Beim Anschlag in Paris deutet alles auf einen islamistischen Terrorakt hin. Wieso erfolgt das Attentat gerade jetzt?
Reinhard Schulze: Das hat sich in den letzten Wochen angekündigt. Da haben Vertreter des sogenannten Islamischen Staates im Irak die französischen Kämpfer in Frankreich aufgefordert, gegen französische Institutionen vorzugehen. Die Satirezeitschrift «Charlie Hebdo» stand schon seit drei Jahren im Brennpunkt der Kritik. Es verwundert nicht, dass gerade jetzt, wo sich die Wochenzeitung dem neuen Roman des französischen Skandal-Autors Michel Houellebecq widmete, die Terroristen zugeschlagen haben.

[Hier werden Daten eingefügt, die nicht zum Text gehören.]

lemma set_row_vals: "\<forall>c\<in>set P. fst c = k \<longrightarrow> 1 \<le> snd c \<and> snd c \<le> length (x ! (k - 1)) \<Longrightarrow>
  set (row_vals k x P) \<subseteq> set (x ! (k - 1))"
  unfolding row_vals_def by auto

lemma length_row_vals: "length (row_vals k x P) = length (filter (\<lambda>c. fst c = k) P)"
  unfolding row_vals_def by simp

lemma length_filter_fst_eq: "map fst P = map fst Q \<Longrightarrow>
   length (filter (\<lambda>c. fst c = k) P) = length (filter (\<lambda>c. fst c = k) Q)"
proof -
  assume "map fst P = map fst Q"
  hence "length (filter (\<lambda>b. b = k) (map fst P)) = length (filter (\<lambda>b. b = k) (map fst Q))" by simp
  thus ?thesis by (simp add: filter_map comp_def)
qed

lemma dropWhile_fst_gt:
  "sorted_wrt lexless xs \<Longrightarrow> c \<in> set (dropWhile (\<lambda>c. fst c \<le> u) xs) \<Longrightarrow> u < fst c"
proof (induction xs)
  case Nil then show ?case by simp
next
  case (Cons a xs)
  show ?case
  proof (cases "fst a \<le> u")
    case True then show ?thesis using Cons by simp
  next
    case False
    hence "c = a \<or> c \<in> set xs" using Cons.prems(2) by simp
    thus ?thesis
    proof
      assume "c \<in> set xs"
      hence "lexless a c" using Cons.prems(1) by simp
      thus ?thesis using False unfolding lexless_def by auto
    qed (use False in simp)
  qed
qed

section \<open>The game\<close>

definition hist_map :: "('o list \<Rightarrow> 'o \<Rightarrow> 'o) \<Rightarrow> 'o list \<Rightarrow> 'o list" where
  "hist_map ns hist = foldl (\<lambda>acc m. acc @ [ns acc m]) [] hist"

lemma hist_map_snoc: "hist_map ns (xs @ [m]) = hist_map ns xs @ [ns (hist_map ns xs) m]"
  unfolding hist_map_def by simp

lemma length_hist_map: "length (hist_map ns xs) = length xs"
  by (induction xs rule: rev_induct) (auto simp: hist_map_snoc, simp add: hist_map_def)

lemma take_hist_map: "take k (hist_map ns xs) = hist_map ns (take k xs)"
proof (induction xs rule: rev_induct)
  case Nil then show ?case by (simp add: hist_map_def)
next
  case (snoc m xs)
  show ?case
  proof (cases "k \<le> length xs")
    case True
    then show ?thesis using snoc length_hist_map[of ns xs] by (simp add: hist_map_snoc)
  next
    case False
    then show ?thesis using length_hist_map[of ns "xs @ [m]"] by simp
  qed
qed

lemma nth_hist_map: "k < length xs \<Longrightarrow> hist_map ns xs ! k = ns (hist_map ns (take k xs)) (xs ! k)"
proof -
  assume k: "k < length xs"
  have "hist_map ns xs ! k = take (Suc k) (hist_map ns xs) ! k" by simp
  also have "\<dots> = hist_map ns (take (Suc k) xs) ! k" by (simp only: take_hist_map)
  also have "take (Suc k) xs = take k xs @ [xs ! k]" using k by (simp add: take_Suc_conv_app_nth)
  also have "hist_map ns (take k xs @ [xs ! k]) ! k = ns (hist_map ns (take k xs)) (xs ! k)"
    using length_hist_map[of ns "take k xs"] k by (simp add: hist_map_snoc nth_append)
  finally show ?thesis .
qed

definition II_wins_with :: "('m \<Rightarrow> 'm \<Rightarrow> bool) \<Rightarrow> ('m \<Rightarrow> 'o::wellorder) \<Rightarrow> nat \<Rightarrow> nat \<Rightarrow> nat
    \<Rightarrow> 'm list list set \<Rightarrow> 'o list \<Rightarrow> (nat \<Rightarrow> 'o) \<Rightarrow> ('o \<Rightarrow> 'o) \<Rightarrow> (nat \<Rightarrow> 'm set) \<Rightarrow> ('o \<Rightarrow> 'm set) \<Rightarrow> bool" where
  "II_wins_with lt F r s e S mus bet tail X Y \<longleftrightarrow>
        (\<forall>k\<in>{1..e}. X k \<subseteq> {a. F a = bet k} \<and>
             (card_of (X k), card_of {j. j < mus ! (k - 1)}) \<in> ordIso) \<and>
        (\<forall>i. i \<noteq> ozero \<longrightarrow> Y i \<subseteq> {a. F a = tail i}) \<and>
        (\<forall>m::'o. \<exists>i. i \<noteq> ozero \<and> (card_of {j. j < m}, card_of (Y i)) \<in> ordLeq) \<and>
        (\<forall>x. length x = s \<and> (\<forall>k\<in>{1..e}. x ! (k - 1) \<in> incr_seqs lt r (X k)) \<and>
             drop e x \<in> Fblocks lt F r (s - e) (\<Union>i\<in>{i. i \<noteq> ozero}. Y i)
             \<longrightarrow> x \<in> S)"

lemma II_wins_iff: "II_wins lt F r s e S mus bet tail \<longleftrightarrow>
     (\<forall>k. 1 \<le> k \<and> k < e \<longrightarrow> bet k < bet (Suc k)) \<and>
     bet e = tail ozero \<and> strict_mono tail \<and> (\<exists>X Y. II_wins_with lt F r s e S mus bet tail X Y)"
  unfolding II_wins_def II_wins_with_def by (rule refl)

lemma ozero_least: "ozero \<le> (i::'o::wellorder)"
  unfolding ozero_def by (rule Least_le) simp

locale superlarge_game = inaccessible T for T :: "'o::wellorder itself" +
  fixes lt :: "'m \<Rightarrow> 'm \<Rightarrow> bool" and Mc :: "'o \<Rightarrow> 'm set" and F :: "'m \<Rightarrow> 'o"
    and r s e :: nat and S :: "'m list list set"
    and fI :: "'f \<Rightarrow> 'm list \<Rightarrow> 'm" and ar :: "'f \<Rightarrow> nat" and tau :: "'f trm"
    and cs :: "(nat \<times> nat) list" and u v :: nat and ls :: "nat list"
  assumes lin: "strict_linorder lt"
    and Fdef: "F = Fidx Mc"
    and Mc_small: "\<And>i. small (Mc i)"
    and Mc_mono: "\<And>i j. i \<le> j \<Longrightarrow> Mc i \<subseteq> Mc j"
    and Mc_init: "\<And>i. init_seg lt (Mc i) UNIV"
    and Mc_union: "(\<Union>i. Mc i) = UNIV"
    and rs: "1 \<le> r" "1 \<le> s"
    and e: "1 \<le> e" "e \<le> s"
    and Ssub: "S \<subseteq> Fblocks lt F r s UNIV"
    and Ssl: "superlarge lt F r s e S"
    and sig: "sigma_iv ar tau cs u v ls"
    and bnd: "consts_bounded r s cs u v ls"
    and iot: "e \<le> iota cs"
begin

lemma F_mem: "a \<in> Mc (F a)"
proof -
  have "\<exists>i. a \<in> Mc i" using Mc_union by blast
  thus ?thesis unfolding Fdef Fidx_def by (rule LeastI_ex)
qed

lemma level_mem: "F a = b \<Longrightarrow> a \<in> Mc b"
  using F_mem by blast

lemma level_sub: "A \<subseteq> {a. F a = b} \<Longrightarrow> A \<subseteq> Mc b"
  using level_mem by blast

lemma below_mem: "lt b a \<Longrightarrow> a \<in> Mc i \<Longrightarrow> b \<in> Mc i"
  using Mc_init[of i] unfolding init_seg_def by blast

abbreviation E where "E \<equiv> iota cs"

definition str :: "'o list \<Rightarrow> 'o \<Rightarrow> 'o" where
  "str = (SOME st. \<forall>mus. length mus = e \<longrightarrow> II_wins lt F r s e S mus (\<lambda>k. st (take k mus) ozero) (st mus))"

lemma str_wins: "length mus = e \<Longrightarrow> II_wins lt F r s e S mus (\<lambda>k. str (take k mus) ozero) (str mus)"
proof -
  have "\<exists>st. \<forall>mus. length mus = e \<longrightarrow> II_wins lt F r s e S mus (\<lambda>k. st (take k mus) ozero) (st mus)"
    using Ssl unfolding superlarge_def by blast
  hence "\<forall>mus. length mus = e \<longrightarrow> II_wins lt F r s e S mus (\<lambda>k. str (take k mus) ozero) (str mus)"
    unfolding str_def by (rule someI_ex)
  moreover assume "length mus = e"
  ultimately show ?thesis by blast
qed

definition win_sets :: "'o list \<Rightarrow> (nat \<Rightarrow> 'm set) \<times> ('o \<Rightarrow> 'm set)" where
  "win_sets z = (SOME p. II_wins_with lt F r s e S z (\<lambda>k. str (take k z) ozero) (str z) (fst p) (snd p))"

definition win_X where "win_X z = fst (win_sets z)"
definition win_Y where "win_Y z = snd (win_sets z)"

lemma str_wins_parts:
  assumes "length z = e"
  shows "\<forall>k. 1 \<le> k \<and> k < e \<longrightarrow> str (take k z) ozero < str (take (Suc k) z) ozero"
    "str (take e z) ozero = str z ozero" "strict_mono (str z)"
    "II_wins_with lt F r s e S z (\<lambda>k. str (take k z) ozero) (str z) (win_X z) (win_Y z)"
proof -
  have w: "II_wins lt F r s e S z (\<lambda>k. str (take k z) ozero) (str z)" using str_wins[OF assms] .
  thus "\<forall>k. 1 \<le> k \<and> k < e \<longrightarrow> str (take k z) ozero < str (take (Suc k) z) ozero"
    "str (take e z) ozero = str z ozero" "strict_mono (str z)"
    unfolding II_wins_iff by auto
  have "\<exists>X Y. II_wins_with lt F r s e S z (\<lambda>k. str (take k z) ozero) (str z) X Y" using w unfolding II_wins_iff by blast
  hence "\<exists>p. II_wins_with lt F r s e S z (\<lambda>k. str (take k z) ozero) (str z) (fst p) (snd p)" by auto
  hence "II_wins_with lt F r s e S z (\<lambda>k. str (take k z) ozero) (str z) (fst (win_sets z)) (snd (win_sets z))"
    unfolding win_sets_def by (rule someI_ex)
  thus "II_wins_with lt F r s e S z (\<lambda>k. str (take k z) ozero) (str z) (win_X z) (win_Y z)"
    unfolding win_X_def win_Y_def .
qed

lemma win_Y_level: "length z = e \<Longrightarrow> i \<noteq> ozero \<Longrightarrow> win_Y z i \<subseteq> {a. F a = str z i}"
  using str_wins_parts(4) unfolding II_wins_with_def by blast

lemma win_Y_large: "length z = e \<Longrightarrow> \<exists>i. i \<noteq> ozero \<and> |{j. j < (m::'o)}| \<le>o |win_Y z i|"
  using str_wins_parts(4) unfolding II_wins_with_def by blast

Weshalb können diese Mohammed-Karikaturen eigentlich derart provozieren?
Sie provozieren deshalb, weil es Nichtmuslime sind, die diese Karikaturen verfasst haben. Weil dann von muslimischer Seite aus eine anti-islamische Absicht hinter den Karikaturen vermutet wird. Es ist ja nicht so, dass in der islamischen Welt keine Karikaturen existierten, da werden auch religiöse Witze gemacht. In den 60er- und 70er-Jahren wurden zuhauf Karikaturen des Propheten Mohammed veröffentlicht. Das war eine Zeit, in der noch mehr liberale Diskussionen stattfanden.
Medienfreiheit und Meinungsäusserungsfreiheit sind im Westen wichtige Werte. Sind die Terrorakte auch Angriffe auf diese Werte?
Ich denke nicht, dass das ein strategischer Plan der Terroristen ist, die Meinungsfreiheit anzugreifen. Es ist aber ein Nebeneffekt, der mit diesen Angriffen erfolgt. Es wird für die muslimischen Gemeinden nun wichtiger werden, ebenfalls als Vertreter der Meinungsfreiheit aufzutreten. Das wird sicherlich ein Effekt der terroristischen Angriffe sein, die es seit 2005 gegeben hat.
Wenn man sich Chronologie der terroristischen Anschläge der vergangenen Jahre anschaut: Ist man überhaupt noch sicher, wenn man den Islam offen kritisiert?
Man ist sich sicher, wenn man ihn offen und fair kritisiert. Wenn man eine faire Kritik übt, die nicht auf Verunglimpfung beruht. Diese Kritik gibt es sowohl innerhalb der islamischen Welt, wo es genügend Menschen gibt, die den Islam kritisieren, als auch in der westlichen Welt. Das Gefährliche ist die bildhafte Kritik, die in den Karikaturen zum Ausdruck kommt.
Ist man da zu weit gegangen?
Da ist man zu weit gegangen, weil man damit eskaliert. Kritik sollte nicht zur Eskalation beitragen, sondern zu Aufklärung und Verständigung.
Müssen wir jetzt mit mehr Attentaten in Europa rechnen?
Ich denke, wir müssen leider damit rechnen. Weil es einsame Wölfe oder auch angeführte Terroristen in kleiner Zahl sicherlich in allen europäischen Staaten gibt. Sie werden zweifellos Gelegenheiten nutzen, Angriffe dieser Art durchzuführen. Ob sie dermassen spektakulär erfolgen können wie jetzt in Frankreich, bleibt natürlich dahingestellt.
Das Interview führte Mario Grossniklaus.